Una maxi operazione quella partita stamani nel reggino e che ha fatto scattare le manette ai polsi di oltre cento persone andando a colpire quelle che, in particolare, sono considerate come ai vertici delle più importanti locali” ‘ndranghetiste ricomprese nel cosiddetto mandamento” ionico, ovvero quelle attive sulla fascia ionica della provincia, e ritenuto il “cuore pulsante” dell’intera associazione mafiosa calabrese oltre che il punto di riferimento di tutte le articolazioni attive a livello extra regionale come anche in tutta Italia ed all’estero.

LE GERARCHIE, L’ORGANIGRAMMA E I TRIBUNALI DELLE ‘NDRINE

Le indagini hanno consentito di individuare le gerarchie e gli organigrammi di ben 23 cosche ricomprese nel “mandamento” oltre che di identificare i presunti autori di estorsioni, danneggiamenti e delle infiltrazioni in appalti pubblici e lavori privati, “sintomatici di un capillare e asfissiante controllo del territorio” da parte dei clan, sottolineano gli inquirenti.

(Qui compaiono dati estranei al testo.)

(* Let $H\in\mathbb R^{n\times n}$, $f\in\mathbb R^n$, $A\in\mathbb R^{m\times n}$, $b\in\mathbb R^m$, with $\mathcal X=\{x\in\mathbb R^n: Ax\le b\}$ nonempty and $H+H^\top$ positive definite. Let $x^*$ be the unique solution of the affine variational inequality: find $x\in\mathcal X$ with $(Hx+f)^\top(y-x)\ge 0$ for all $y\in\mathcal X$. Then the sequence $\{z_k\}$ generated by the DR-DAQP algorithm (described in the context) converges to $x^*$.
   Context: Notation: $A_i$, $b_i$ denote the $i$-th row of $A$ and entry of $b$; for an index set $\mathcal S$, $A_{\mathcal S}$, $b_{\mathcal S}$, $\lambda_{\mathcal S}$ denote the corresponding submatrix/subvectors. Fix $\rho>0$, set $H_s=\tfrac12(H+H^\top)$, $\tilde H=\rho I+H_s$, and for $z\in\mathbb R^n$ let $\tilde f(z)=f+(H-\tilde H)z$. For a parameter $z$, let $\mathrm{QP}(z)$ denote the strictly convex quadratic program $\min_x \tfrac12 x^\top\tilde Hx+\tilde f(z)^\top x$ subject to $Ax\le b$; its active set at the minimizer $y$ is $\{i: A_iy=b_i\}$. DR-DAQP algorithm: start from an initial $z_0\in\mathbb R^n$, set $\delta=\infty$, and let $\mathcal A_{-1}$ be undefined (so the test below fails at $k=0$). For $k=0,1,2,\dots$: 1. Let $y_k$ be the solution of $\mathrm{QP}(z_k)$ and $\mathcal A_k$ its active set. 2. If $\mathcal A_k=\mathcal A_{k-1}$: let $(\tilde z_k,\lambda_k)$ solve the linear system $\begin{bmatrix}H & A_{\mathcal A_k}^\top\\ A_{\mathcal A_k} & 0\end{bmatrix}\begin{bmatrix}x\\ \lambda\end{bmatrix}=\begin{bmatrix}-f\\ b_{\mathcal A_k}\end{bmatrix}$. If $\lambda_k\ge 0$ and $A\tilde z_k\le b$, stop and return $(\tilde z_k,\lambda_k)$. Otherwise, let $\tilde y_k$ be the solution of $\mathrm{QP}(\tilde z_k)$ and redefine $\mathcal A_k$ as its active set; if $\|\tilde y_k-\tilde z_k\|<\delta$, replace $y_k\leftarrow\tilde y_k$, $z_k\leftarrow\tilde z_k$, and set $\delta\leftarrow\|\tilde y_k-\tilde z_k\|$. 3. Set $z_{k+1}=(\rho I+H)^{-1}\big(\rho y_k+Hz_k+\tfrac{1}{2}H_s(y_k-z_k)\big)$. The algorithm iterates indefinitely unless it stops in step 2. *)

theory Defs
  imports "HOL-Analysis.Analysis"
begin

definition feasible :: "real^'n^'m \<Rightarrow> real^'m \<Rightarrow> real^'n \<Rightarrow> bool" where
  "feasible A b x \<longleftrightarrow> (\<forall>i. (A *v x) $ i \<le> b $ i)"

definition active_set :: "real^'n^'m \<Rightarrow> real^'m \<Rightarrow> real^'n \<Rightarrow> 'm set" where
  "active_set A b x = {i. (A *v x) $ i = b $ i}"

definition Hsym :: "real^'n^'n \<Rightarrow> real^'n^'n" where
  "Hsym H = (1/2) *\<^sub>R (H + transpose H)"

definition Htil :: "real \<Rightarrow> real^'n^'n \<Rightarrow> real^'n^'n" where
  "Htil \<rho> H = \<rho> *\<^sub>R mat 1 + Hsym H"

definition ftil :: "real \<Rightarrow> real^'n^'n \<Rightarrow> real^'n \<Rightarrow> real^'n \<Rightarrow> real^'n" where
  "ftil \<rho> H f z = f + (H - Htil \<rho> H) *v z"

Individuate anche le nuove cariche e strutture tra di loro sovraordinate di cui la ‘ndrangheta si è dotata negli ultimi anni arrivando ad accertare le modalità di funzionamento di veri e propri “tribunali” competenti a giudicare quegli affiliati sospettati di violazioni delle regole del clan e le procedure da applicare per sanare faide all’interno delle ‘ndrine.

Confermata infine la pericolosità della ‘ndrangheta come “struttura unitaria e segreta”, che sarebbe articolata su più livelli con tanto di organismi di vertice e che nel reggino troverebbe ancora il suo “prioritario ambito operativo-decisionale”.

IL MEGA BLITZ è scattato all’alba di stamani ed ha visto impegnato un imponente numero di carabinieri, oltre mille del Ros e del Comando provinciale di Reggio Calabria, con il supporto di elicotteri dell’Arma, unità cinofile e militari specializzati nella localizzazione di bunker e cavità nascoste.

Il provvedimento di fermo è stato emesso dalla Procura Distrettuale del capoluogo e scaturiscono da un’indagine diretta dalla Procura e condotta dagli investigatori del Ros e del Gruppo di Locri.